The communities and the legal center hope to pattern the Rios Montt suit after other successfully prosecuted genocide cases, such as those involving war crimes in the Balkans.
The evidence against Rios Montt relies heavily on the concept of the chain of command. A report by a United Nations truth commission that investigated this country's civil war showed that nearly half of the documented massacres in Guatemala took place from 1980 to 1983, when Lucas Garcia and Rios Montt were in power.
The attorneys for the communities have amassed secondhand testimony and a few original documents that show the Guatemalan army pursued written policies that called for soldiers to "annihilate" the guerrillas in the highlands.
Using, in addition, statements by top commanders that all Mayas were considered guerrillas or sympathizers, attorneys for the center believe that they can portray the massacres as part of a coordinated effort to destroy the Mayas as a people.
By bringing the government policies to light and holding those responsible accountable, the center hopes to heal the fractures that still run through Guatemalan society five years after the peace accords were signed.
"In order to have closure, there has to be justice," said Frank La Rue, head of the center.
While survivors have given testimony to the truth commission and the Catholic Church, those interviews were conducted in strict anonymity.

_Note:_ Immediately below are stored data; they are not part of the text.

lemma sin_common_zeros_coprime:
  fixes p q :: nat and x :: real
  assumes "0 < q" "coprime p q"
  shows "sin x = 0 \<and> sin (real p / real q * x) = 0 \<longleftrightarrow> sin (x / real q) = 0"
proof
  assume "sin x = 0 \<and> sin (real p / real q * x) = 0"
  then obtain n m :: int where n: "x = n * pi" and "real p / real q * x = m * pi"
    by (auto simp: sin_zero_iff_int2)
  then have "of_int (int p * n) = (of_int (m * int q) :: real)"
    using \<open>0 < q\<close> by (simp add: field_simps)
  then have "int q dvd int p * n" by (metis dvd_triv_right of_int_eq_iff)
  moreover have "coprime (int q) (int p)" using \<open>coprime p q\<close> by (simp add: coprime_commute)
  ultimately obtain k where "n = int q * k" by (auto simp: coprime_dvd_mult_right_iff)
  then have "x / real q = of_int k * pi" using n \<open>0 < q\<close> by simp
  then show "sin (x / real q) = 0" by (simp add: sin_zero_iff_int2)
next
  assume "sin (x / real q) = 0"
  then obtain k :: int where "x / real q = k * pi" by (auto simp: sin_zero_iff_int2)
  then have "x = of_int (k * int q) * pi" "real p / real q * x = of_int (k * int p) * pi"
    using \<open>0 < q\<close> by (simp_all add: field_simps)
  then show "sin x = 0 \<and> sin (real p / real q * x) = 0"
    by (metis sin_zero_iff_int2)
qed

lemma card_common_zeros_coprime:
  fixes p q :: nat and r :: real
  assumes "0 < q" "coprime p q"
  shows "card {l. 0 < l \<and> l \<le> r \<and> sin l = 0 \<and> sin (real p / real q * l) = 0}
           = nat \<lfloor>r / real q / pi\<rfloor>"
proof -
  have "strict_mono (\<lambda>l. l / real q)"
    using \<open>0 < q\<close> by (intro strict_monoI) (simp add: divide_strict_right_mono)
  moreover have "continuous_on UNIV (\<lambda>l. l / real q)"
    using \<open>0 < q\<close> by (intro continuous_intros) simp
  ultimately show ?thesis
    using card_sin_comp_zeros[of "\<lambda>l. l / real q"] sin_common_zeros_coprime[OF assms]
    by simp
qed
(* Let $k\ge 2$ be an even integer and $\ell\ge 2$ an integer. Then the rational number $$\frac{(k+1)(\ell-1)B_k}{\ell^{k+1}-1}$$ has $2$-adic valuation exactly $-1$. Consequently, for every integer $n\ge 2$ dividing $k$, there is no polynomial $f\in\mathbb{Q}[x]$ with $$\frac{B_{k+1}(\ell x+1)-B_{k+1}(x+1)}{x}=(\ell^{k+1}-1)f(x)^n.$$
   Context: $B_i$ denote the Bernoulli numbers ($B_0=1$, $B_1=-1/2$, $B_2=1/6,\dots$) and $B_q(x)=\sum_{i=0}^{q}\binom{q}{i}B_i x^{q-i}$ the Bernoulli polynomials. The $2$-adic valuation of a nonzero rational $a/b$ is $v_2(a)-v_2(b)$. *)

theory Defs
  imports "HOL-Computational_Algebra.Computational_Algebra"
begin

text \<open>Bernoulli numbers with B_0 = 1, B_1 = -1/2, defined by the standard recursion
  sum_{i=0}^{m} (m+1 choose i) B_i = 0 for m >= 1.\<close>
fun bernoulli :: "nat \<Rightarrow> rat" where
  "bernoulli n = (if n = 0 then 1
     else - (\<Sum>i<n. of_nat (Suc n choose i) * bernoulli i) / of_nat (Suc n))"

definition bernpoly :: "nat \<Rightarrow> rat \<Rightarrow> rat" where
  "bernpoly q x = (\<Sum>i\<le>q. of_nat (q choose i) * bernoulli i * x ^ (q - i))"

definition val2 :: "rat \<Rightarrow> int" where
  "val2 r = (case quotient_of r of (a, b) \<Rightarrow>
      int (multiplicity (2::int) a) - int (multiplicity (2::int) b))"

lemma "bernoulli 0 = 1" "bernoulli 1 = -1/2" "bernoulli 2 = 1/6"
  by (simp_all add: numeral_2_eq_2)

end

theory Submission
  imports Defs
begin

text \<open>Let Z_(2) be the rationals with odd denominator. Induction on the recurrence
  sum_{i<m} (m+1 choose i) B_i = -(m+1) B_m shows 2 B_k \<in> 1 + 2 Z_(2) for even k \<ge> 2: the odd
  Bernoulli numbers beyond B_1 vanish (read off from E(-x) = E(x) + x for E(x) = x/(e^x - 1)),
  and the even-index binomial coefficients of m+1 sum to 2^m. As l^(k+1) - 1 = (l - 1)(1 + l + ... + l^k)
  with an odd second factor, and k + 1 is odd, the ratio has 2-adic valuation -1.

  The polynomial G(x) = B_{k+1}(l x + 1) - B_{k+1}(x + 1) vanishes at 0 and has linear coefficient
  (k + 1)(l - 1) B_k. So G(x)/x = (l^(k+1) - 1) f(x)^n would make the ratio equal to f(0)^n, whose
  valuation is divisible by n; only n \<ge> 2 is needed, not n dvd k.\<close>

declare bernoulli.simps [simp del]

lemma bernoulli_0 [simp]: "bernoulli 0 = 1"
  by (simp add: bernoulli.simps)

lemma bernoulli_1: "bernoulli (Suc 0) = - 1 / 2"
  by (simp add: bernoulli.simps)

lemma bernoulli_recurrence:
  assumes "m \<ge> 1"
  shows "(\<Sum>i\<le>m. of_nat (Suc m choose i) * bernoulli i) = 0"
proof -
  have "of_nat (Suc m) * bernoulli m = - (\<Sum>i<m. of_nat (Suc m choose i) * bernoulli i)"
    using assms by (subst bernoulli.simps) (simp add: field_simps del: of_nat_Suc)
  then show ?thesis
    by (simp add: lessThan_Suc_atMost[symmetric] del: of_nat_Suc)
qed

lemma sum_binomial_bernoulli:
  assumes "m \<ge> 2"
  shows "(\<Sum>i\<le>m. of_nat (m choose i) * bernoulli i) = bernoulli m"
proof -
  obtain n where "m = Suc n" and "n \<ge> 1"
    using assms by (cases m) auto
  then show ?thesis
    using bernoulli_recurrence[of n] by simp
qed
text \<open>Since \<open>a\<close> is not assumed bounded, the factor \<open>1 + a/2\<close> may be negative; the bound \<open>1/4\<close>
  excludes such points, as they would come from \<open>x\<close> near \<open>-p\<close>, where \<open>a\<close> vanishes.\<close>
lemma radial_bump_near_pole:
  fixes p y :: "'a::real_normed_vector"
  assumes a_large: "\<And>t. 3/2 \<le> t \<Longrightarrow> a t = 0" and p: "norm p = 1"
    and y: "y \<in> radial_bump a p ` sphere 0 1" and close: "norm (y - p) < 1/4"
  shows "norm y = 1 + a (norm (sgn y - p)) / 2"
proof -
  obtain x where x: "norm x = 1" and y_eq: "y = radial_bump a p x"
    using y by auto
  define r where "r = 1 + a (norm (x - p)) / 2"
  have y_r: "y = r *\<^sub>R x"
    by (simp add: y_eq radial_bump_def r_def)
  have y0: "y \<noteq> 0"
    using close p by auto
  have sgn_close: "norm (sgn y - p) < 1/2"
    using norm_sgn_minus_le[OF p, of y] close by linarith
  have "0 < r"
  proof (rule ccontr)
    assume "\<not> 0 < r"
    then have "r < 0"
      using y0 y_r by fastforce
    then have "sgn y = - x"
      using x by (simp add: y_r sgn_scaleR sgn_div_norm)
    then have "norm (x + p) < 1/2"
      using sgn_close by (simp add: norm_minus_commute add.commute)
    moreover have "norm (2 *\<^sub>R p) \<le> norm (p - x) + norm (x + p)"
      using norm_triangle_ineq[of "p - x" "x + p"] by (simp add: algebra_simps scaleR_2)
    ultimately have "3/2 \<le> norm (x - p)"
      using p by (simp add: norm_minus_commute)
    then have "r = 1"
      by (simp add: r_def a_large)
    with \<open>r < 0\<close> show False
      by simp
  qed
  then have "sgn y = x"
    using x by (simp add: y_r sgn_scaleR sgn_div_norm)
  then show ?thesis
    using x \<open>0 < r\<close> by (simp add: y_r r_def)
qed

lemma lipschitz_angular_profile_near_pole:
  fixes h :: "'b::metric_space \<Rightarrow> 'a::real_normed_vector"
  assumes a_large: "\<And>t. 3/2 \<le> t \<Longrightarrow> a t = 0" and p: "norm p = 1"
    and h: "K-lipschitz_on S h" "h ` S \<subseteq> radial_bump a p ` sphere 0 1"
    and near_pole: "\<And>u. u \<in> S \<Longrightarrow> norm (h u - p) < 1/4"
  shows "(2 * K)-lipschitz_on S (\<lambda>u. a (norm (sgn (h u) - p)))"
proof (rule lipschitz_onI)
  have profile: "a (norm (sgn (h u) - p)) = 2 * norm (h u) - 2" if "u \<in> S" for u
  proof -
    have "h u \<in> radial_bump a p ` sphere 0 1"
      using h(2) that by auto
    then have "norm (h u) = 1 + a (norm (sgn (h u) - p)) / 2"
      using a_large p near_pole[OF that] by (intro radial_bump_near_pole)
    then show ?thesis
      by simp
  qed
  fix u v assume uv: "u \<in> S" "v \<in> S"
  have "dist (a (norm (sgn (h u) - p))) (a (norm (sgn (h v) - p))) = 2 * \<bar>norm (h u) - norm (h v)\<bar>"
    using profile[OF uv(1)] profile[OF uv(2)] by (simp add: dist_real_def abs_if)
  also have "\<dots> \<le> 2 * (K * dist u v)"
    using norm_triangle_ineq3[of "h u" "h v"] lipschitz_onD[OF h(1) uv] by (simp add: dist_norm)
  finally show "dist (a (norm (sgn (h u) - p))) (a (norm (sgn (h v) - p))) \<le> 2 * K * dist u v"
    by simp
qed (use lipschitz_on_nonneg[OF h(1)] in simp)

lemma lipschitz_path_close_before_first_hit:
  fixes h :: "real \<Rightarrow> 'a::real_normed_vector"
  assumes h: "K-lipschitz_on {0..1} h" "h 0 \<noteq> p" "h 1 = p" and e: "0 < e"
  obtains \<alpha> \<beta> where "0 \<le> \<alpha>" "\<alpha> < \<beta>" "\<beta> \<le> 1" "h \<alpha> \<noteq> p" "h \<beta> = p"
    "\<And>u. u \<in> {\<alpha>..\<beta>} \<Longrightarrow> norm (h u - p) < e"
proof -
  have K: "0 \<le> K"
    using h(1) by (rule lipschitz_on_nonneg)
  then have "0 < e / (K + 1)"
    using e by simp
  then obtain \<alpha> \<beta> where \<alpha>\<beta>: "0 \<le> \<alpha>" "\<alpha> < \<beta>" "\<beta> \<le> 1" "\<beta> - \<alpha> \<le> e / (K + 1)"
    and "h \<alpha> \<noteq> p" "h \<beta> = p"
    using interval_before_first_hit[OF lipschitz_on_continuous_on[OF h(1)] h(2,3) zero_le_one]
    by blast
  moreover have "norm (h u - p) < e" if "u \<in> {\<alpha>..\<beta>}" for u
  proof -
    have "norm (h u - p) \<le> K * (\<beta> - u)"
      using lipschitz_onD[OF h(1), of u \<beta>] that \<alpha>\<beta> \<open>h \<beta> = p\<close> by (auto simp: dist_norm dist_real_def)
    also have "\<dots> \<le> K * (e / (K + 1))"
      using that \<alpha>\<beta> K by (intro mult_left_mono) auto
    also have "\<dots> < e"
      using K e by (simp add: field_simps)
    finally show ?thesis .
  qed
  ultimately show ?thesis
    using that by blast
qed

lemma lipschitz_path_to_pole_starts_at_pole:
  fixes a :: "real \<Rightarrow> real" and p :: "'a::real_normed_vector" and h :: "real \<Rightarrow> 'a"
  assumes a_osc: "\<And>t. 0 < t \<Longrightarrow> t \<le> 1 \<Longrightarrow> a t = loglog_osc t"
    and a_large: "\<And>t. 3/2 \<le> t \<Longrightarrow> a t = 0" and a0: "a 0 = 0" and p: "norm p = 1"
    and h: "K-lipschitz_on {0..1} h" "h ` {0..1} \<subseteq> radial_bump a p ` sphere 0 1" "h 1 = p"
  shows "h 0 = p"
proof (rule ccontr)
  assume "h 0 \<noteq> p"
  obtain \<alpha> \<beta> where \<alpha>\<beta>: "0 \<le> \<alpha>" "\<alpha> < \<beta>" "\<beta> \<le> 1" "h \<alpha> \<noteq> p" "h \<beta> = p"
    and near_pole: "\<And>u. u \<in> {\<alpha>..\<beta>} \<Longrightarrow> norm (h u - p) < 1/4"
    using lipschitz_path_close_before_first_hit[OF h(1) \<open>h 0 \<noteq> p\<close> h(3), of "1/4"] by auto
  have sub: "{\<alpha>..\<beta>} \<subseteq> {0..1}"
    using \<alpha>\<beta> by auto
  define T where "T u = norm (sgn (h u) - p)" for u
  have "continuous_on {\<alpha>..\<beta>} T"
    unfolding T_def using near_pole p continuous_on_subset[OF lipschitz_on_continuous_on[OF h(1)] sub]
    by (intro continuous_intros) force+
  moreover have "T \<beta> = 0"
    using \<alpha>\<beta>(5) p by (simp add: T_def sgn_div_norm)
  moreover have "0 < T \<alpha>"
  proof -
    have \<alpha>: "\<alpha> \<in> {\<alpha>..\<beta>}"
      using \<alpha>\<beta> by simp
    then have "h \<alpha> \<in> radial_bump a p ` sphere 0 1"
      using h(2) sub by auto
    then have "norm (h \<alpha>) = 1 + a (T \<alpha>) / 2"
      unfolding T_def using a_large p near_pole[OF \<alpha>] by (intro radial_bump_near_pole)
    then have "T \<alpha> \<noteq> 0"
      using a0 \<alpha>\<beta>(4) by (auto simp: T_def sgn_div_norm)
    then show ?thesis
      by (simp add: T_def)
  qed
  moreover have "(2 * K)-lipschitz_on {\<alpha>..\<beta>} (\<lambda>u. a (norm (sgn (h u) - p)))"
    using a_large p lipschitz_on_subset[OF h(1) sub] subset_trans[OF image_mono[OF sub] h(2)] near_pole
    by (rule lipschitz_angular_profile_near_pole)
  then have "(2 * K)-lipschitz_on {\<alpha>..\<beta>} (a \<circ> T)"
    by (simp add: T_def o_def)
  ultimately have "summable (\<lambda>j. \<bar>a (osc_point j) - a (osc_point (Suc j))\<bar>)"
    using \<alpha>\<beta>(1-3,5) decseq_osc_point osc_point_pos osc_point_tendsto_zero
    by (intro summable_jumps_if_lipschitz_comp[where T = T]) (auto intro: less_imp_le)
  then show False
    using not_summable_loglog_osc_jumps osc_point_pos osc_point_le_one by (simp add: a_osc)
qed

theorem lemma3p3:
  fixes a :: "real \<Rightarrow> real"
    and p :: "'n::euclidean_space"
    and f :: "'k::euclidean_space \<Rightarrow> 'n"
  assumes dimn: "DIM('n) \<ge> 3"
    and dimk: "DIM('k) \<ge> 2"
    and p_sph: "p \<in> sphere 0 1"
    and a_cont: "continuous_on {0..} a"
    and a_smooth: "smooth_on {0<..} a"
    and a0: "a 0 = 0"
    and a_small: "\<And>t. 0 < t \<Longrightarrow> t \<le> 1 \<Longrightarrow>
                    a t = sin (ln (ln (exp 1 / t))) / (1 + ln (ln (exp 1 / t)))"
    and a_large: "\<And>t. t \<ge> 3/2 \<Longrightarrow> a t = 0"
    and f_lip: "\<exists>C. C-lipschitz_on (sphere 0 1) f"
    and f_into: "f ` sphere 0 1 \<subseteq> (\<lambda>x. (1 + a (norm (x - p)) / 2) *\<^sub>R x) ` sphere 0 1"
  shows "f ` sphere 0 1 = {p} \<or> p \<notin> f ` sphere 0 1"
proof (rule ccontr)
  assume "\<not> ?thesis"
  then obtain s s' where "s \<in> sphere 0 1" "f s = p" "s' \<in> sphere 0 1" "f s' \<noteq> p"
    by blast
  then obtain x y where xy: "x \<in> sphere 0 1" "y \<in> sphere 0 1" "f x \<noteq> p" "f y = p" "y \<noteq> - x"
    using sphere_split_not_antipodal[OF dimk, of s "\<lambda>s. f s = p"] by blast
  obtain \<gamma> :: "real \<Rightarrow> 'k" and M
    where \<gamma>: "M-lipschitz_on {0..1} \<gamma>" "\<gamma> ` {0..1} \<subseteq> sphere 0 1" "\<gamma> 0 = x" "\<gamma> 1 = y"
    using xy(1,2,5) by (rule lipschitz_path_on_sphere)
  obtain C where "C-lipschitz_on (sphere 0 1) f"
    using f_lip by blast
  then have "(C * M)-lipschitz_on {0..1} (\<lambda>u. f (\<gamma> u))"
    using \<gamma>(1,2) by (metis lipschitz_on_compose2 lipschitz_on_subset)
  moreover have "(\<lambda>u. f (\<gamma> u)) ` {0..1} \<subseteq> radial_bump a p ` sphere 0 1"
    using \<gamma>(2) f_into by (fastforce simp: radial_bump_def)
  moreover have "\<And>t. 0 < t \<Longrightarrow> t \<le> 1 \<Longrightarrow> a t = loglog_osc t"
    by (simp add: a_small loglog_osc_def)
  ultimately have "f (\<gamma> 0) = p"
    using lipschitz_path_to_pole_starts_at_pole[where a = a and h = "\<lambda>u. f (\<gamma> u)"] a_large a0 p_sph \<gamma>(4) xy(4)
    by simp
  with xy \<gamma>(3) show False
    by simp
qed

end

The lawsuit marks the first time that witnesses have stepped forward to publicly describe the killings and identify those responsible.
It is difficult for outsiders to understand the courage involved in such a step. Scores of human rights workers, church officials and others who have publicly criticized the military regime have been killed for their remarks.
In the most prominent such case in recent years, Bishop Juan Jose Gerardi was beaten to death in 1998 two days after releasing a report blaming the military for most of the deaths during the war. The trial of his alleged assailants, with the prosecution fully supported by the Catholic Church and even Pope John Paul II, has been marred by a series of prosecutorial errors.
"If the Catholic Church can't win, who can?" asked Miguel Albizures, head of the Alliance Against Impunity, a Guatemalan human rights group.
The residents of Plan de Sanchez acknowledge their fear. They expect threats after the suit is filed and their names are made public, but there is little they can do to prevent trouble. The village has no police force. It's an hour away from the nearest city, up a steep and windy dirt track. And there is no telephone or radio communication.
The villagers hope to install at least a radio set to be able to call for help, but they have no money available to purchase one.
"We're always afraid, but you have to die some way," said Benjamin Manuel Jeronimo, 47, Juan's brother and a fellow survivor, as he sat on a low stump outside a shack made of unpainted wood. "It's better to do so leaving a legacy than leaving nothing."